▶ [Material for this task]:

(* Let $g\colon\Sigma_0\to\Sigma_1$ be a strict morphism of connected labeled graphs that induces a surjection on fundamental groups. Suppose that for some $b\in\mathcal B$ the number of edges of $\Sigma_1$ labeled $b^{\pm1}$ is less than the number of edges of $\Sigma_0$ labeled $b^{\pm1}$. Then there are an immersed edge path $\sigma\colon I\to\Sigma_0$, given by $e_0e_1\cdots e_m$, a labeled tree $T$, and strict morphisms $g'\colon I\to T$ and $T\to\Sigma_1$ such that $g\circ\sigma$ equals the composite $I\to T\to\Sigma_1$, $e_0$ and $e_m^{-1}$ carry the same label $b'\in\{b,b^{-1}\}$, no $e_i$ with $0<i<m$ is labeled $b^{\pm1}$, and $g'$ maps the first edge and the inverse of the last edge of $I$ to the same edge of $T$.
   Context: Labeled graphs have oriented edges labeled in $\mathcal B^{\pm1}$ ($\mathcal B$ a finite set), with $e^{-1}$ carrying the inverse label. A map of labeled graphs is a morphism if it preserves labels and orientations and its lift to universal covers is a simplicial map of trees; it is strict if no edge is mapped to a point. An edge path is a strict morphism from an oriented subdivided compact interval $I$, identified with its sequence of oriented edges $e_0\cdots e_m$; it is immersed if no $e_i=e_{i-1}^{-1}$. *)

theory Defs
  imports Main
begin

text \<open>A labeled graph: vertex set, set of oriented edges, source map, edge inversion
  (fixed-point free involution), and labels in B^{+-1}: a label is a pair (b, s) with
  s = True meaning b and s = False meaning b^{-1}.\<close>

record ('v, 'e, 'b) lgraph =
  verts :: "'v set"
  edges :: "'e set"
  src   :: "'e \<Rightarrow> 'v"
  einv  :: "'e \<Rightarrow> 'e"
  lab   :: "'e \<Rightarrow> 'b \<times> bool"

definition tgt :: "('v, 'e, 'b) lgraph \<Rightarrow> 'e \<Rightarrow> 'v" where
  "tgt G e = src G (einv G e)"

definition inv_label :: "'b \<times> bool \<Rightarrow> 'b \<times> bool" where
  "inv_label l = (fst l, \<not> snd l)"

definition wf_lgraph :: "('v, 'e, 'b) lgraph \<Rightarrow> bool" where
  "wf_lgraph G \<longleftrightarrow>
     (\<forall>e \<in> edges G. src G e \<in> verts G \<and> einv G e \<in> edges G \<and>
        einv G (einv G e) = e \<and> einv G e \<noteq> e \<and>
        lab G (einv G e) = inv_label (lab G e))"

fun is_path :: "('v, 'e, 'b) lgraph \<Rightarrow> 'v \<Rightarrow> 'e list \<Rightarrow> 'v \<Rightarrow> bool" where
  "is_path G v [] w \<longleftrightarrow> v = w \<and> v \<in> verts G"
| "is_path G v (e # es) w \<longleftrightarrow> e \<in> edges G \<and> src G e = v \<and> is_path G (tgt G e) es w"

definition connected_lg :: "('v, 'e, 'b) lgraph \<Rightarrow> bool" where
  "connected_lg G \<longleftrightarrow> verts G \<noteq> {} \<and> (\<forall>u \<in> verts G. \<forall>v \<in> verts G. \<exists>p. is_path G u p v)"

definition immersed :: "('v, 'e, 'b) lgraph \<Rightarrow> 'e list \<Rightarrow> bool" where
  "immersed G p \<longleftrightarrow> (\<forall>i. Suc i < length p \<longrightarrow> p ! Suc i \<noteq> einv G (p ! i))"

definition is_tree :: "('v, 'e, 'b) lgraph \<Rightarrow> bool" where
  "is_tree G \<longleftrightarrow> wf_lgraph G \<and> connected_lg G \<and>
     (\<forall>v p. is_path G v p v \<and> immersed G p \<longrightarrow> p = [])"

definition backtrack_step :: "('v, 'e, 'b) lgraph \<Rightarrow> 'e list \<Rightarrow> 'e list \<Rightarrow> bool" where
  "backtrack_step G p q \<longleftrightarrow> (\<exists>xs e ys. p = xs @ [e, einv G e] @ ys \<and> q = xs @ ys)"

definition homotopic :: "('v, 'e, 'b) lgraph \<Rightarrow> 'e list \<Rightarrow> 'e list \<Rightarrow> bool" where
  "homotopic G = (\<lambda>p q. backtrack_step G p q \<or> backtrack_step G q p)\<^sup>*\<^sup>*"

definition strict_morphism ::
  "('v, 'e, 'b) lgraph \<Rightarrow> ('w, 'f, 'b) lgraph \<Rightarrow> ('v \<Rightarrow> 'w) \<times> ('e \<Rightarrow> 'f) \<Rightarrow> bool" where
  "strict_morphism G H f \<longleftrightarrow>
     (\<forall>v \<in> verts G. fst f v \<in> verts H) \<and>
     (\<forall>e \<in> edges G. snd f e \<in> edges H \<and> src H (snd f e) = fst f (src G e) \<and>
        snd f (einv G e) = einv H (snd f e) \<and> lab H (snd f e) = lab G e)"

text \<open>Surjectivity on fundamental groups at base vertex v0 (for connected graphs
  independent of v0): every closed path at f(v0) is homotopic to the image of a
  closed path at v0.\<close>

definition pi1_surjective ::
  "('v, 'e, 'b) lgraph \<Rightarrow> ('w, 'f, 'b) lgraph \<Rightarrow> ('v \<Rightarrow> 'w) \<times> ('e \<Rightarrow> 'f) \<Rightarrow> 'v \<Rightarrow> bool" where
  "pi1_surjective G H f v0 \<longleftrightarrow>
     (\<forall>q. is_path H (fst f v0) q (fst f v0) \<longrightarrow>
        (\<exists>p. is_path G v0 p v0 \<and> homotopic H (map (snd f) p) q))"

text \<open>The interval with m+1 edges: vertices 0..m+1, forward edge (i,True) from i to i+1
  with label L i, backward edge (i,False) its inverse.\<close>

definition interval_graph :: "nat \<Rightarrow> (nat \<Rightarrow> 'b \<times> bool) \<Rightarrow> (nat, nat \<times> bool, 'b) lgraph" where
  "interval_graph m L =
     \<lparr> verts = {0..Suc m},
       edges = {(i, d). i \<le> m},
       src = (\<lambda>(i, d). if d then i else Suc i),
       einv = (\<lambda>(i, d). (i, \<not> d)),
       lab = (\<lambda>(i, d). if d then L i else inv_label (L i)) \<rparr>"

text \<open>Number of (geometric) edges labeled b^{+-1} = number of oriented edges labeled b.
  "Fewer" is taken in the sense of cardinality: no injection from B into A.\<close>

definition b_edges :: "('v, 'e, 'b) lgraph \<Rightarrow> 'b \<Rightarrow> 'e set" where
  "b_edges G b = {e \<in> edges G. lab G e = (b, True)}"

definition card_less :: "'a set \<Rightarrow> 'c set \<Rightarrow> bool" where
  "card_less A B \<longleftrightarrow> \<not> (\<exists>f. inj_on f B \<and> f ` B \<subseteq> A)"

end

theory Submission
  imports Defs
begin

text \<open>As \<open>g\<close> is not injective on \<open>b\<close>-edges, two \<open>b\<close>-edges \<open>e \<noteq> e'\<close> have the same image. Joining
  their ends by a path and correcting it by a loop, which \<open>\<pi>\<^sub>1\<close>-surjectivity provides, gives a
  path \<open>x w e'\<inverse>\<close> with \<open>x = e\<close> whose middle part \<open>w\<close> has null-homotopic image: a cancelling arc.
  A shortest cancelling arc is immersed and has no \<open>b\<^sup>\<plusminus>\<^sup>1\<close>-edges inside: otherwise a backtrack,
  or an innermost pair of cancelling \<open>b\<^sup>\<plusminus>\<^sup>1\<close>-letters in the free reduction of the image of
  \<open>w\<close>, yields a shorter one. Finally the lift of the image of the arc to the universal cover of
  \<open>\<Sigma>\<^sub>1\<close> spans the tree \<open>T\<close>; since the middle part reduces to the empty word, the first edge
  and the inverted last edge have the same lift. Free reduction is computed on a stack, and the
  tree is built from the reduced prefixes of the image.\<close>

section \<open>Edge paths\<close>

lemma wf_lgraphD:
  assumes "wf_lgraph G" "e \<in> edges G"
  shows "src G e \<in> verts G" "einv G e \<in> edges G" "einv G (einv G e) = e" "einv G e \<noteq> e"
    "lab G (einv G e) = inv_label (lab G e)"
  using assms unfolding wf_lgraph_def by auto

lemma inv_label_inv_label [simp]: "inv_label (inv_label l) = l"
  by (simp add: inv_label_def)

lemma fst_inv_label [simp]: "fst (inv_label l) = fst l"
  by (simp add: inv_label_def)

lemma tgt_in_verts: "wf_lgraph G \<Longrightarrow> e \<in> edges G \<Longrightarrow> tgt G e \<in> verts G"
  by (auto simp: tgt_def dest: wf_lgraphD)
lemma fip_rise:
  assumes "grows_into N R l X" and "p \<in> topspace X"
  shows "fip {rise N R l p U | U. nbhd X p U}"
  unfolding fip_def
proof (intro allI impI)
  fix \<G> assume \<G>: "\<G> \<subseteq> {rise N R l p U | U. nbhd X p U} \<and> finite \<G> \<and> \<G> \<noteq> {}"
  then have "\<forall>r\<in>\<G>. \<exists>U. nbhd X p U \<and> r = rise N R l p U" by blast
  then obtain nb where nb: "\<forall>r\<in>\<G>. nbhd X p (nb r) \<and> r = rise N R l p (nb r)"
    by (rule bchoice[elim_format]) blast
  define W where "W = \<Inter> (nb ` \<G>)"
  have W: "nbhd X p W" unfolding W_def using \<G> nb by (intro nbhd_Inter) auto
  have "rise N R l p W \<subseteq> r" if "r \<in> \<G>" for r
  proof -
    have "W \<subseteq> nb r" unfolding W_def using that by blast
    moreover have "W \<noteq> {}" using nbhd_mem[OF W] by auto
    ultimately have "rise N R l p W \<subseteq> rise N R l p (nb r)" by (rule rise_mono)
    moreover have "r = rise N R l p (nb r)" using nb that by blast
    ultimately show ?thesis by simp
  qed
  moreover obtain n where "n \<in> rise N R l p W"
    using assms W unfolding grows_into_def rise_nonempty_iff[symmetric] by blast
  ultimately show "\<Inter>\<G> \<noteq> {}" by blast
qed

text \<open>A point of the leaf of a node of height \<open>n + 1\<close> is a neighbourhood witnessing that
  \<open>n\<close> is not a rise level.\<close>
lemma baire_foliage_tree_rise_avoids:
  assumes "baire_foliage_tree N R l X" and "p \<in> topspace X"
  shows "\<exists>U. nbhd X p U \<and> n \<notin> rise N R l p U"
proof -
  have R_subset: "R \<subseteq> N \<times> N" and omega: "omega_omega_tree N R"
    using assms(1) by (simp_all add: baire_foliage_tree_def foliage_tree_def is_tree_def)
  obtain node where "omega_omega_skeleton N R node"
    using omega_omega_tree_enumeration[OF omega R_subset] .
  then interpret omega_omega_foliage N R node l
    using assms(1) by (simp add: omega_omega_foliage_def omega_omega_foliage_axioms_def
        baire_foliage_tree_def)
  have top: "l (node []) = topspace X"
    using assms(1) by (simp add: baire_foliage_tree_def root_eq)
  obtain w where "length w = Suc n" "p \<in> l (node w)"
    using exists_leaf_at_level assms(2) top by blast
  then obtain xs j where w: "w = xs @ [j]" "length xs = n"
    by (metis length_Suc_conv_rev)
  have "openin X (l (node w))"
    using assms(1) by (simp add: baire_foliage_tree_def open_in_space_def)
  then have "nbhd X p (l (node w))" using \<open>p \<in> l (node w)\<close> by (rule openin_imp_nbhd)
  moreover have "n \<notin> rise N R l p (l (node w))"
    using length_notin_rise_son_leaf assms(1) \<open>p \<in> l (node w)\<close> w
    by (auto simp: baire_foliage_tree_def)
  ultimately show ?thesis by blast
qed
lemma sort_map_eq_map_sort_key: "sort (map f xs) = map f (sort_key f xs)"
  by (rule properties_for_sort) (simp_all add: mset_sort)

lemma T_K_le_sum_abs:
  fixes y :: "real ^ 'n"
  assumes "card S = CARD('n) - K"
  shows "T_K K y \<le> (\<Sum>k\<in>S. \<bar>y $ k\<bar>)"
proof -
  let ?abs = "\<lambda>i. \<bar>y $ i\<bar>"
  let ?Z = "image_mset ?abs (mset_set S)"
  have "mset_set S \<subseteq># mset_set (UNIV :: 'n set)"
    by (rule subset_imp_msubset_mset_set) auto
  then have "?Z \<subseteq># image_mset ?abs (mset_set UNIV)"
    by (rule image_mset_subseteq_mono)
  from sum_take_sorted_list_of_multiset_le[OF this] show ?thesis
    by (simp add: T_K_def sum_unfold_sum_mset assms)
qed

lemma T_K_eq_sum_abs:
  fixes y :: "real ^ 'n"
  obtains S where "card S = CARD('n) - K" "T_K K y = (\<Sum>k\<in>S. \<bar>y $ k\<bar>)"
proof -
  obtain ids where ids: "distinct ids" "set ids = (UNIV :: 'n set)"
    using finite_distinct_list[of "UNIV :: 'n set"] by auto
  let ?abs = "\<lambda>i. \<bar>y $ i\<bar>"
  let ?m = "CARD('n) - K"
  define js where "js = sort_key ?abs ids"
  have js: "distinct js" "length js = CARD('n)"
    using ids distinct_card[OF ids(1)] by (auto simp: js_def)
  have "mset_set (UNIV :: 'n set) = mset ids"
    using mset_set_set[OF ids(1)] ids(2) by simp
  then have "T_K K y = sum_list (map ?abs (take ?m js))"
    by (simp add: T_K_def sort_map_eq_map_sort_key js_def take_map
        mset_map[symmetric] del: mset_map)
  also have "\<dots> = sum ?abs (set (take ?m js))"
    using js by (simp add: sum_list_distinct_conv_sum_set)
  finally show ?thesis
    using js by (intro that[of "set (take ?m js)"]) (simp_all add: distinct_card)
qed

lemma std_simplex_convex: "convex (std_simplex :: (real ^ 'n) set)"
  unfolding convex_def
proof (intro ballI allI impI)
  fix x y :: "real ^ 'n" and u v :: real
  assume x: "x \<in> std_simplex" and y: "y \<in> std_simplex" and uv: "0 \<le> u" "0 \<le> v" "u + v = 1"
  have "(\<Sum>i\<in>UNIV. (u *\<^sub>R x + v *\<^sub>R y) $ i) = u * (\<Sum>i\<in>UNIV. x $ i) + v * (\<Sum>i\<in>UNIV. y $ i)"
    by (simp add: sum.distrib sum_distrib_left)
  with x y uv show "u *\<^sub>R x + v *\<^sub>R y \<in> std_simplex"
    by (simp add: std_simplex_def)
qed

▶ [Task prompt]: Based on the material above, how many lines contain the string "lemma"? State the number alone.

▶ [Solution to the exercise]: 10